Doch zu oft erzeugen unverzeihliche Pannen Frust. Dem Ersten sitzt das gute Teil wie eine Wurstpelle, am Zweiten hängt es wie ein Müllsack, und der Dritte entdeckt einen Tippfehler in seinem Nachnamen. Aber mal ehrlich: Nach der Entlassungsfeier landet das Protzstück des intellektuellen Erfolges sowieso ganz schnell ganz hinten im Schrank.

von Mareike Zoege

Die Mottowoche
Der Abitursjahrgang, aufgekratzt von Prüfungspanik und euphorischer Aufbruchsstimmung, erklärt die letzte Schulwoche des Lebens zum Kostümspektakel.
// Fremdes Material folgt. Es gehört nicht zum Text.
(* Let $\Omega\subset\mathbb{R}$ be an unbounded domain (open interval), $a\in C(\bar\Omega)\cap L^\infty(\Omega)$, and $K:\Omega\times\Omega\to[0,\infty)$ such that for every $x\in\Omega$ the map $K(x,\cdot)$ is measurable and for almost every $y\in\Omega$ the map $K(\cdot,y)$ is uniformly continuous. Assume further that $K$ is symmetric and $0\le K(x,y)\le C(1+|x-y|)^{-\alpha}$ for all $x,y\in\Omega$, for some $C>0$ and $\alpha>\frac32$. Let $\Omega_n:=\Omega\cap(-n,n)$. Then $$\lambda_p(\mathcal{L}_\Omega+a)\le\liminf_{n\to\infty}\lambda_v(\mathcal{L}_{\Omega_n}+a)\le\lambda_p'(\mathcal{L}_\Omega+a).$$
   Context: For $D\subset\Omega$, $\mathcal{L}_D[\varphi](x):=\int_D K(x,y)\varphi(y)\,dy$. $\lambda_p(\mathcal{L}_\Omega+a):=\sup\{\lambda:\exists\varphi\in C(\bar\Omega),\ \varphi>0,\ \mathcal{L}_\Omega[\varphi]+a\varphi+\lambda\varphi\le0\text{ in }\Omega\}$; $\lambda_p'(\mathcal{L}_\Omega+a):=\inf\{\lambda:\exists\varphi\in C(\Omega)\cap L^\infty(\Omega),\ \varphi\ge0,\ \varphi\not\equiv0,\ \mathcal{L}_\Omega[\varphi]+(a+\lambda)\varphi\ge0\text{ in }\Omega\}$; $\lambda_v(\mathcal{L}_D+a):=\inf_{\varphi\in L^2(D),\varphi\not\equiv0}-\frac{\langle\mathcal{L}_D[\varphi]+a\varphi,\varphi\rangle_{L^2(D)}}{\|\varphi\|_{L^2(D)}^2}$. *)

theory Defs
  imports "HOL-Analysis.Analysis"
begin

definition nlop :: "(real \<Rightarrow> real \<Rightarrow> real) \<Rightarrow> real set \<Rightarrow> (real \<Rightarrow> real) \<Rightarrow> real \<Rightarrow> real" where
  "nlop K D \<phi> x = (LINT y:D|lebesgue. K x y * \<phi> y)"

definition lambda_p :: "(real \<Rightarrow> real \<Rightarrow> real) \<Rightarrow> real set \<Rightarrow> (real \<Rightarrow> real) \<Rightarrow> ereal" where
  "lambda_p K \<Omega> a = Sup {ereal l | l. \<exists>\<phi>.
      continuous_on (closure \<Omega>) \<phi> \<and> (\<forall>x\<in>closure \<Omega>. \<phi> x > 0) \<and>
      (\<forall>x\<in>\<Omega>. set_integrable lebesgue \<Omega> (\<lambda>y. K x y * \<phi> y)) \<and>
      (\<forall>x\<in>\<Omega>. nlop K \<Omega> \<phi> x + a x * \<phi> x + l * \<phi> x \<le> 0)}"

definition lambda_p' :: "(real \<Rightarrow> real \<Rightarrow> real) \<Rightarrow> real set \<Rightarrow> (real \<Rightarrow> real) \<Rightarrow> ereal" where
  "lambda_p' K \<Omega> a = Inf {ereal l | l. \<exists>\<phi>.
      continuous_on \<Omega> \<phi> \<and> bounded (\<phi> ` \<Omega>) \<and> (\<forall>x\<in>\<Omega>. \<phi> x \<ge> 0) \<and> (\<exists>x\<in>\<Omega>. \<phi> x \<noteq> 0) \<and>
      (\<forall>x\<in>\<Omega>. nlop K \<Omega> \<phi> x + (a x + l) * \<phi> x \<ge> 0)}"

definition lambda_v :: "(real \<Rightarrow> real \<Rightarrow> real) \<Rightarrow> real set \<Rightarrow> (real \<Rightarrow> real) \<Rightarrow> ereal" where
  "lambda_v K D a = Inf {ereal (- (LINT x:D|lebesgue. (nlop K D \<phi> x + a x * \<phi> x) * \<phi> x)
                                 / (LINT x:D|lebesgue. (\<phi> x)\<^sup>2)) | \<phi>.
      set_borel_measurable lebesgue D \<phi> \<and> set_integrable lebesgue D (\<lambda>x. (\<phi> x)\<^sup>2) \<and>
      (LINT x:D|lebesgue. (\<phi> x)\<^sup>2) \<noteq> 0}"

end

theory Submission
  imports Defs "HOL-Real_Asymp.Real_Asymp"
begin

text \<open>
  Let \<open>l\<close> and a positive continuous \<open>\<phi>\<close> satisfy \<open>L\<^sub>\<Omega>[\<phi>] + (a + l) \<phi> \<le> 0\<close>, and let
  \<open>D \<subseteq> \<Omega>\<close> be a bounded interval. For a test function \<open>\<psi>\<close> on \<open>D\<close>, the symmetry of \<open>K\<close> and the
  AM-GM inequality \<open>\<psi>(x) \<psi>(y) \<le> (\<psi>(x)\<^sup>2 \<phi>(y) / \<phi>(x) + \<psi>(y)\<^sup>2 \<phi>(x) / \<phi>(y)) / 2\<close> give
  \<open>\<langle>L\<^sub>D[\<psi>], \<psi>\<rangle> \<le> \<langle>L\<^sub>D[\<phi>], \<psi>\<^sup>2/\<phi>\<rangle> \<le> \<langle>L\<^sub>\<Omega>[\<phi>], \<psi>\<^sup>2/\<phi>\<rangle> \<le> -\<langle>(a + l) \<psi>, \<psi>\<rangle>\<close>,
  hence \<open>l \<le> \<lambda>\<^sub>v(L\<^sub>D + a)\<close> for every such \<open>D\<close>, in particular for every \<open>\<Omega>\<^sub>n\<close>.

  Let a bounded \<open>\<phi> \<ge> 0\<close>, \<open>\<phi> \<noteq> 0\<close>, satisfy \<open>L\<^sub>\<Omega>[\<phi>] + (a + l) \<phi> \<ge> 0\<close> and use \<open>\<phi>\<close> itself
  as test function on \<open>\<Omega>\<^sub>n\<close>. Its Rayleigh quotient is at most \<open>l + E\<^sub>n / S\<^sub>n\<close>, where
  \<open>S\<^sub>n = \<integral>\<^bsub>\<Omega>\<^sub>n\<^esub> \<phi>\<^sup>2\<close> and \<open>E\<^sub>n = \<integral>\<^bsub>\<Omega>\<^sub>n\<^esub> h\<^sub>n \<phi>\<close>, with \<open>h\<^sub>n(x) = k ((1 + n - x)\<^bsup>1-\<alpha>\<^esup> + (1 + n + x)\<^bsup>1-\<alpha>\<^esup>)\<close>
  bounding the truncation error \<open>L\<^sub>\<Omega>[\<phi>] - L\<^bsub>\<Omega>\<^sub>n\<^esub>[\<phi>]\<close>. On \<open>(-r, r)\<close> the weight \<open>h\<^sub>n\<close> is small once
  \<open>n \<gg> r\<close>; outside, AM-GM bounds \<open>h\<^sub>n \<phi>\<close> by \<open>t \<phi>\<^sup>2 / 2 + h\<^sub>n\<^sup>2 / (2 t)\<close>, and \<open>\<integral> h\<^sub>n\<^sup>2\<close> is bounded
  uniformly in \<open>n\<close> because \<open>\<alpha> > 3/2\<close>. Choosing \<open>r\<close> and \<open>t\<close> according to whether \<open>S\<^sub>n\<close> stays bounded
  yields \<open>E\<^sub>n = o(S\<^sub>n)\<close>.
\<close>

lemma sigma_finite_lebesgue: "sigma_finite_measure (lebesgue :: real measure)"
proof -
  obtain A :: "real set set" where A: "countable A" "A \<subseteq> sets lborel" "\<Union>A = space lborel"
      "\<forall>a\<in>A. emeasure lborel a \<noteq> \<infinity>"
    using sigma_finite_measure.sigma_finite_countable[OF sigma_finite_lborel] by blast
  show ?thesis
    by (rule sigma_finite_measure.intro, rule exI[of _ A]) (use A in \<open>auto simp: subset_eq\<close>)
qed

interpretation lebesgue_sf: sigma_finite_measure "lebesgue :: real measure"
  by (rule sigma_finite_lebesgue)
interpretation lebesgue_pair: pair_sigma_finite "lebesgue :: real measure" "lebesgue :: real measure" ..

lemma borel_measurable_lebesgue_ident[measurable]: "(\<lambda>x::real. x) \<in> borel_measurable lebesgue"
  by (rule measurable_completion) simp

lemma borel_measurable_lebesgue_indicator_continuous:
  fixes f :: "real \<Rightarrow> real"
  assumes "A \<in> sets borel" "continuous_on A f"
  shows "(\<lambda>x. indicator A x * f x) \<in> borel_measurable lebesgue"
proof -
  have "(\<lambda>x. indicator A x *\<^sub>R f x) \<in> borel_measurable borel"
    by (rule borel_measurable_continuous_on_indicator[OF assms])
  then show ?thesis by (simp add: measurable_completion measurable_lborel1)
qed

lemma integrable_bounded_by_indicator:
  fixes f :: "real \<Rightarrow> real"
  assumes "f \<in> borel_measurable lebesgue" "integrable lebesgue (indicator A :: real \<Rightarrow> real)"
    and "\<And>x. \<bar>f x\<bar> \<le> B * indicator A x"
  shows "integrable lebesgue f"
  by (rule Bochner_Integration.integrable_bound[OF integrable_mult_right[OF assms(2), of B]])
     (use assms in \<open>auto intro!: AE_I2 intro: order_trans[OF _ abs_ge_self]\<close>)

lemma mult_le_weighted_squares:
  fixes a b t :: real
  assumes "t > 0"
  shows "a * b \<le> (t * a\<^sup>2 + b\<^sup>2 / t) / 2"
proof -
  have "0 \<le> (t * a - b)\<^sup>2" by simp
  then have "2 * (a * b) * t \<le> (t * a\<^sup>2 + b\<^sup>2 / t) * t"
    using assms by (simp add: power2_eq_square algebra_simps)
  then show ?thesis using assms by (simp add: mult_le_cancel_right)
qed

lemma abs_le_one_plus_square: "\<bar>t\<bar> \<le> 1 + t\<^sup>2" for t :: real
proof (cases "\<bar>t\<bar> \<le> 1")
  case False
  then have "\<bar>t\<bar> * 1 \<le> \<bar>t\<bar> * \<bar>t\<bar>" by (intro mult_left_mono) auto
  then show ?thesis by (simp add: power2_eq_square abs_mult_self_eq)
qed (smt (verit) zero_le_power2)

lemma powr_nonpos_le_one: "1 \<le> (y::real) \<Longrightarrow> a \<le> 0 \<Longrightarrow> y powr a \<le> 1"
  using powr_mono2'[of a 1 y] by simp

lemma integrable_bounded_kernel_product:
  fixes k :: "real \<Rightarrow> real \<Rightarrow> real" and f g :: "real \<Rightarrow> real"
  assumes k[measurable]: "(\<lambda>p. k (fst p) (snd p)) \<in> borel_measurable (lebesgue \<Otimes>\<^sub>M lebesgue)"
    and k_bound: "\<And>x y. \<bar>k x y\<bar> \<le> B"
    and f: "integrable lebesgue f" and g: "integrable lebesgue g"
  shows "integrable (lebesgue \<Otimes>\<^sub>M lebesgue) (\<lambda>p. k (fst p) (snd p) * f (fst p) * g (snd p))"
    (is "integrable _ ?F")
proof (rule lebesgue_pair.Fubini_integrable)
  have [measurable]: "f \<in> borel_measurable lebesgue" "g \<in> borel_measurable lebesgue"
    using f g by auto
  show "?F \<in> borel_measurable (lebesgue \<Otimes>\<^sub>M lebesgue)" by measurable
  have bound: "norm (?F (x, y)) \<le> B * \<bar>f x\<bar> * \<bar>g y\<bar>" for x y
    using k_bound[of x y] by (auto simp: abs_mult intro!: mult_right_mono)
  have "integrable lebesgue (\<lambda>y. ?F (x, y))" for x
  proof (rule Bochner_Integration.integrable_bound)
    show "integrable lebesgue (\<lambda>y. B * \<bar>f x\<bar> * \<bar>g y\<bar>)" using g by auto
    show "(\<lambda>y. ?F (x, y)) \<in> borel_measurable lebesgue"
      using measurable_Pair2[OF k, of x] by simp
    show "AE y in lebesgue. norm (?F (x, y)) \<le> norm (B * \<bar>f x\<bar> * \<bar>g y\<bar>)"
      using bound by (auto intro: order_trans[OF _ abs_ge_self])
  qed
  then show "AE x in lebesgue. integrable lebesgue (\<lambda>y. ?F (x, y))" by simp
  show "integrable lebesgue (\<lambda>x. LINT y|lebesgue. norm (?F (x, y)))"
  proof (rule Bochner_Integration.integrable_bound)
    show "integrable lebesgue (\<lambda>x. B * \<bar>f x\<bar> * (LINT y|lebesgue. \<bar>g y\<bar>))"
      using f by auto
    show "AE x in lebesgue. norm (LINT y|lebesgue. norm (?F (x, y)))
        \<le> norm (B * \<bar>f x\<bar> * (LINT y|lebesgue. \<bar>g y\<bar>))"
    proof (rule AE_I2)
      fix x
      have "(LINT y|lebesgue. norm (?F (x, y))) \<le> (LINT y|lebesgue. B * \<bar>f x\<bar> * \<bar>g y\<bar>)"
        by (rule integral_mono) (use \<open>integrable lebesgue (\<lambda>y. ?F (x, y))\<close> g bound in auto)
      then show "norm (LINT y|lebesgue. norm (?F (x, y))) \<le> norm (B * \<bar>f x\<bar> * (LINT y|lebesgue. \<bar>g y\<bar>))"
        by (simp add: integral_nonneg_AE)
    qed
  qed (simp add: case_prod_beta')
qed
Fünf Tage, fünf Mottos. Der Phantasie sind dabei keine Grenzen gesetzt: Hippies und Popstars, Märchenfiguren und Mafiosi sind schon über Schulhöfe spaziert. Der Gruppenzwang bewegt die Mehrheit des Jahrgangs zum Mitmachen. Sonst könnten gewagte Mottos wie Geschlechtertausch oder Rotlichtmilieu peinlich enden. Schon der Schulweg mit der Straßenbahn wird zur Herausforderung, denn das Umziehen auf der Schultoilette gilt nicht. Schlimmer ist nur der Kommentar: „Du bist verkleidet?“

Zur Mottowoche gehört außerdem ein Gettoblaster in der Pausenhalle, der akustische Verstärkung für Mottos wie Hip-Hop, Achtziger oder Hawaii bietet. Piraten fechten in den Gängen, und Emos heulen herzzerreißend. Die besten Schnappschüsse kommen dann ins Abibuch. Sie vervollständigen die Bildergalerie der Schullaufbahn vom unschuldigen Erstklässler bis zum wilden Narren. So viel Spaß kann Schule machen.